CGTP estima redução entre 64 e 90% da indemnização

A CGTP indicou hoje que entregou um estudo ao Governo, no qual se comprova que a redução do número de dias de indemnização por despedimento teria como efeito uma diminuição no valor da indemnização de "entre 64 e 90%".

"O estudo que apresentámos demonstra que a proposta do Governo não faz qualquer sentido. O estudo que o Governo apresentou está subvertido", afirmou o líder da CGTP, Arménio Carlos, no final de uma reunião no Parlamento com os grupos parlamentares do PSD e do CDS-PP em que discutiu a redução das indemnizações por despedimento.

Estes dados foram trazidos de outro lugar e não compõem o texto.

(* There exists a full amicable orthogonal design $AOD\big(168;\ 4,164;\ 4,164\big)$.
   Context: An orthogonal design $OD(m;c_1,\ldots,c_k)$ is an $m\times m$ matrix $X$ with entries from $\{0,\pm x_1,\ldots,\pm x_k\}$, where $x_1,\ldots,x_k$ are commuting indeterminates, such that $XX^{\rm T}=(\sum_j c_jx_j^2)I_m$. An amicable orthogonal design $AOD(m;c_1,\ldots,c_k;d_1,\ldots,d_\ell)$ is a pair $(X;Y)$ where $X$ is an $OD(m;c_1,\ldots,c_k)$ in indeterminates $x_1,\ldots,x_k$, $Y$ is an $OD(m;d_1,\ldots,d_\ell)$ in indeterminates $y_1,\ldots,y_\ell$ disjoint from the $x_i$, and $XY^{\rm T}=YX^{\rm T}$. It is full if neither $X$ nor $Y$ has a zero entry. *)

theory Defs
  imports Complex_Main
begin

text \<open>A design matrix of order m is given entrywise as a pair (s, j): the entry is
  s * x_j with s in {-1,0,1} and j an index of an indeterminate (0-based).
  Rows and columns are indexed by {0..<m}.\<close>

type_synonym design = "nat \<Rightarrow> nat \<Rightarrow> int \<times> nat"

definition is_design :: "nat \<Rightarrow> nat \<Rightarrow> design \<Rightarrow> bool" where
  "is_design m k X \<longleftrightarrow>
     (\<forall>i<m. \<forall>j<m. fst (X i j) \<in> {-1, 0, 1} \<and> snd (X i j) < k)"

definition entry_val :: "design \<Rightarrow> (nat \<Rightarrow> real) \<Rightarrow> nat \<Rightarrow> nat \<Rightarrow> real" where
  "entry_val X x i j = real_of_int (fst (X i j)) * x (snd (X i j))"

text \<open>Orthogonal design OD(m; c_1,...,c_k): X X^T = (sum_j c_j x_j^2) I_m as an identity in
  commuting indeterminates, expressed as an identity for all real values of the indeterminates.\<close>

definition OD :: "nat \<Rightarrow> nat list \<Rightarrow> design \<Rightarrow> bool" where
  "OD m c X \<longleftrightarrow> is_design m (length c) X \<and>
     (\<forall>x :: nat \<Rightarrow> real. \<forall>i<m. \<forall>l<m.
        (\<Sum>t<m. entry_val X x i t * entry_val X x l t) =
        (if i = l then (\<Sum>j<length c. real (c ! j) * (x j)\<^sup>2) else 0))"

definition AOD :: "nat \<Rightarrow> nat list \<Rightarrow> nat list \<Rightarrow> design \<Rightarrow> design \<Rightarrow> bool" where
  "AOD m c d X Y \<longleftrightarrow> OD m c X \<and> OD m d Y \<and>
     (\<forall>(x :: nat \<Rightarrow> real) (y :: nat \<Rightarrow> real). \<forall>i<m. \<forall>l<m.
        (\<Sum>t<m. entry_val X x i t * entry_val Y y l t) =
        (\<Sum>t<m. entry_val Y y i t * entry_val X x l t))"

definition full_design :: "nat \<Rightarrow> design \<Rightarrow> bool" where
  "full_design m X \<longleftrightarrow> (\<forall>i<m. \<forall>j<m. fst (X i j) \<noteq> 0)"

end

theory Submission
  imports Defs "HOL-Analysis.Cartesian_Euclidean_Space"
begin

text \<open>Let W be a symmetric conference matrix of order 42 (zero diagonal, entries \<open>\<plusminus>1\<close>
  elsewhere, \<open>W W\<^sup>T = 41 I\<close>); Paley's construction gives one from the quadratic character
  modulo 41. Let A, B, C, D be \<open>\<plusminus>1\<close> matrices of order 4 with \<open>A A\<^sup>T = B B\<^sup>T = C C\<^sup>T = D D\<^sup>T = 4 I\<close>,
  \<open>A B\<^sup>T = - B A\<^sup>T\<close>, \<open>C D\<^sup>T = - D C\<^sup>T\<close>, and \<open>A C\<^sup>T, A D\<^sup>T, B C\<^sup>T, B D\<^sup>T\<close> symmetric. Then
  \<open>X = I \<otimes> A x\<^sub>0 + W \<otimes> B x\<^sub>1\<close> and \<open>Y = I \<otimes> C y\<^sub>0 + W \<otimes> D y\<^sub>1\<close> have no zero entries, and the
  mixed-product rule \<open>(P \<otimes> Q)(R \<otimes> S)\<^sup>T = P R\<^sup>T \<otimes> Q S\<^sup>T\<close> gives
  \<open>X X\<^sup>T = (4 x\<^sub>0\<^sup>2 + 164 x\<^sub>1\<^sup>2) I\<close>, the same for Y, and \<open>X Y\<^sup>T = Y X\<^sup>T\<close>.\<close>

definition row_inner :: "nat \<Rightarrow> (nat \<Rightarrow> nat \<Rightarrow> 'a::comm_semiring_1) \<Rightarrow> (nat \<Rightarrow> nat \<Rightarrow> 'a) \<Rightarrow> nat \<Rightarrow> nat \<Rightarrow> 'a"
  where "row_inner n A B i l = (\<Sum>t<n. A i t * B l t)"

definition kron :: "nat \<Rightarrow> (nat \<Rightarrow> nat \<Rightarrow> 'a::times) \<Rightarrow> (nat \<Rightarrow> nat \<Rightarrow> 'a) \<Rightarrow> nat \<Rightarrow> nat \<Rightarrow> 'a"
  where "kron m A B i j = A (i div m) (j div m) * B (i mod m) (j mod m)"

lemma row_inner_kron:
  fixes A C :: "nat \<Rightarrow> nat \<Rightarrow> 'a::comm_semiring_1"
  assumes "0 < m"
  shows "row_inner (n * m) (kron m A B) (kron m C D) i l =
         row_inner n A C (i div m) (l div m) * row_inner m B D (i mod m) (l mod m)"
proof -
  have "row_inner (n * m) (kron m A B) (kron m C D) i l =
        (\<Sum>c<n. \<Sum>r<m. (A (i div m) c * C (l div m) c) * (B (i mod m) r * D (l mod m) r))"
    unfolding row_inner_def sum_mult_product kron_def
    using assms by (intro sum.cong refl) (simp add: ac_simps)
  then show ?thesis
    by (simp add: row_inner_def sum_product)
qed

lemma row_inner_id_left:
  "a < n \<Longrightarrow> row_inner n (\<lambda>i j. of_bool (i = j)) C a b = C b a"
  by (simp add: row_inner_def if_distrib cong: if_cong)

lemma row_inner_id_right:
  "b < n \<Longrightarrow> row_inner n C (\<lambda>i j. of_bool (i = j)) a b = C a b"
  by (simp add: row_inner_def if_distrib cong: if_cong)

text \<open>The design with entries \<open>P x\<^sub>0 + Q x\<^sub>1\<close>; this reading is faithful only where the
  supports of P and Q are disjoint.\<close>

definition two_var_design :: "(nat \<Rightarrow> nat \<Rightarrow> int) \<Rightarrow> (nat \<Rightarrow> nat \<Rightarrow> int) \<Rightarrow> design"
  where "two_var_design P Q i j = (if Q i j = 0 then (P i j, 0) else (Q i j, 1))"

lemma entry_val_two_var_design:
  "P i j = 0 \<or> Q i j = 0 \<Longrightarrow>
   entry_val (two_var_design P Q) x i j = of_int (P i j) * x 0 + of_int (Q i j) * x 1"
  by (auto simp: entry_val_def two_var_design_def)

lemma row_products_two_var_design:
  assumes "\<And>t. t < N \<Longrightarrow> P i t = 0 \<or> Q i t = 0" "\<And>t. t < N \<Longrightarrow> R l t = 0 \<or> S l t = 0"
  shows "(\<Sum>t<N. entry_val (two_var_design P Q) x i t * entry_val (two_var_design R S) y l t) =
           x 0 * y 0 * of_int (row_inner N P R i l) + x 0 * y 1 * of_int (row_inner N P S i l)
         + x 1 * y 0 * of_int (row_inner N Q R i l) + x 1 * y 1 * of_int (row_inner N Q S i l)"
proof -
  have "(\<Sum>t<N. entry_val (two_var_design P Q) x i t * entry_val (two_var_design R S) y l t) =
        (\<Sum>t<N. x 0 * y 0 * of_int (P i t * R l t) + x 0 * y 1 * of_int (P i t * S l t)
              + x 1 * y 0 * of_int (Q i t * R l t) + x 1 * y 1 * of_int (Q i t * S l t))"
    using assms by (intro sum.cong refl) (simp add: entry_val_two_var_design algebra_simps)
  then show ?thesis
    by (simp add: row_inner_def sum.distrib sum_distrib_left)
qed

definition kron_design :: "nat \<Rightarrow> (nat \<Rightarrow> nat \<Rightarrow> int) \<Rightarrow> (nat \<Rightarrow> nat \<Rightarrow> int) \<Rightarrow> (nat \<Rightarrow> nat \<Rightarrow> int) \<Rightarrow> design"
  where "kron_design m W A B = two_var_design (kron m (\<lambda>i j. of_bool (i = j)) A) (kron m W B)"

lemma row_products_kron_design:
  assumes "\<And>a. a < n \<Longrightarrow> W a a = 0" "0 < m" "i < n * m" "l < n * m"
  shows "(\<Sum>t<n * m. entry_val (kron_design m W A B) x i t * entry_val (kron_design m W C D) y l t) =
           x 0 * y 0 * of_int (of_bool (i div m = l div m) * row_inner m A C (i mod m) (l mod m))
         + x 0 * y 1 * of_int (W (l div m) (i div m) * row_inner m A D (i mod m) (l mod m))
         + x 1 * y 0 * of_int (W (i div m) (l div m) * row_inner m B C (i mod m) (l mod m))
         + x 1 * y 1 * of_int (row_inner n W W (i div m) (l div m) * row_inner m B D (i mod m) (l mod m))"
proof -
  have div_less: "i div m < n" "l div m < n"
    using assms(2-4) by (simp_all add: less_mult_imp_div_less)
  have disjoint: "kron m (\<lambda>i j. of_bool (i = j)) F k t = 0 \<or> kron m W G k t = 0"
    if "k div m < n" for F G :: "nat \<Rightarrow> nat \<Rightarrow> int" and k t
    using assms(1) that by (auto simp: kron_def)
  show ?thesis
    unfolding kron_design_def
    using div_less
    by (subst row_products_two_var_design)
       (auto simp: disjoint row_inner_kron[OF assms(2)] row_inner_id_left row_inner_id_right)
qed

definition hadamard :: "nat \<Rightarrow> (nat \<Rightarrow> nat \<Rightarrow> int) \<Rightarrow> bool" where
  "hadamard m H \<longleftrightarrow>
     (\<forall>i<m. \<forall>j<m. H i j \<in> {-1, 1} \<and> row_inner m H H i j = of_bool (i = j) * int m)"

definition symmetric_conference :: "nat \<Rightarrow> (nat \<Rightarrow> nat \<Rightarrow> int) \<Rightarrow> bool" where
  "symmetric_conference n W \<longleftrightarrow>
     (\<forall>i<n. \<forall>j<n. W j i = W i j \<and> (if i = j then W i j = 0 else W i j \<in> {-1, 1})
                 \<and> row_inner n W W i j = of_bool (i = j) * (int n - 1))"

definition amicable_pair :: "nat \<Rightarrow> (nat \<Rightarrow> nat \<Rightarrow> int) \<Rightarrow> (nat \<Rightarrow> nat \<Rightarrow> int) \<Rightarrow> bool" where
  "amicable_pair m A B \<longleftrightarrow> (\<forall>i<m. \<forall>j<m. row_inner m A B i j = row_inner m B A i j)"

definition anti_amicable_pair :: "nat \<Rightarrow> (nat \<Rightarrow> nat \<Rightarrow> int) \<Rightarrow> (nat \<Rightarrow> nat \<Rightarrow> int) \<Rightarrow> bool" where
  "anti_amicable_pair m A B \<longleftrightarrow> (\<forall>i<m. \<forall>j<m. row_inner m A B i j = - row_inner m B A i j)"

"A redução da indemnização para os 20 dias que já se verificou já penaliza os trabalhadores em alguns casos em mais de 50%; neste caso concreto, a redução [para 12 dias] poderia ter efeitos na ordem de uma diminuição das indemnizações entre 64 e 90%", concretizou o líder da intersindical.

Por outro lado, acrescentou Arménio Carlos, se a proposta do Governo fosse para a frente, os portugueses passariam a receber um valor de indemnização "na ordem dos 12 a 15% relativamente àquilo que os irlandeses recebem, de 12% no que respeita ao que os alemães recebem e de 19 a 32% em relação àquilo que os espanhóis recebem".

"Quando se fala na aproximação àquilo que se passa na Europa, o que dizemos é que isto não é uma aproximação, é um afastamento", acusou.

Arménio Carlos adiantou ainda que a proposta do Governo, tal como a outra que está já em vigor de redução para os 20 dias de indemnização, "não resolve o problema da competitividade nem vai dinamizar a economia. E se dúvidas existissem, o acordo já foi assinado há mais de um ano, onde está o crescimento, a competitividade, o emprego?", questionou o sindicalista.

Finalmente, o líder da CGTP declarou que a redução das indemnizações já estava prevista no memorando da 'troika' e no acordo para o Crescimento Competitividade e Emprego e, portanto, "todos aqueles que dizem agora que estão surpreendidos só estão a tentar enganar a população".

"O documento que a CGTP entregou ao Governo confirma que o Fundo de Garantias para despedimentos está contemplado no acordo, mas toda a gente percebeu desde o início que os patrões o aceitaram mas sempre com o pressuposto de não o aplicarem", acusou ainda.

"Tiveram sempre em mente a possibilidade de transferir o pagamento desse fundo para os trabalhadores, ou seja, os trabalhadores a suportarem o seu próprio despedimento", concluiu.

Os grupos parlamentares do PSD e do CDS-PP receberam hoje a Confederação do Comércio e Serviços de Portugal, a CGTP e a Confederação dos Agricultores de Portugal para discutirem a redução das indemnizações por despedimento.

A maioria parlamentar PSD/CDS recebeu na terça-feira a UGT e vai receber ao longo da semana os restantes parceiros sociais para ouvir a sua opinião sobre a proposta de lei do Governo que reduz as compensações por cessação do contrato de trabalho.

Depois dos encontros de hoje o PSD e o CDS-PP reúnem-se na quinta-feira com a Confederação Empresarial de Portugal (CIP) e na sexta-feira com a Confederação do Turismo Português (CTP).

O Governo entregou na semana passada no Parlamento uma proposta de lei que prevê a redução das compensações por despedimento dos atuais 20 dias para 12 dias de remuneração por cada ano de antiguidade.

A redução das indemnizações por despedimentos está prevista no Memorando de Entendimento com a 'troika' (Fundo Monetário Internacional, Comissão Europeia e Banco Central Europeu) e no acordo de Concertação Social assinado em janeiro de 2012 por todos os parceiros sociais, exceto a CGTP.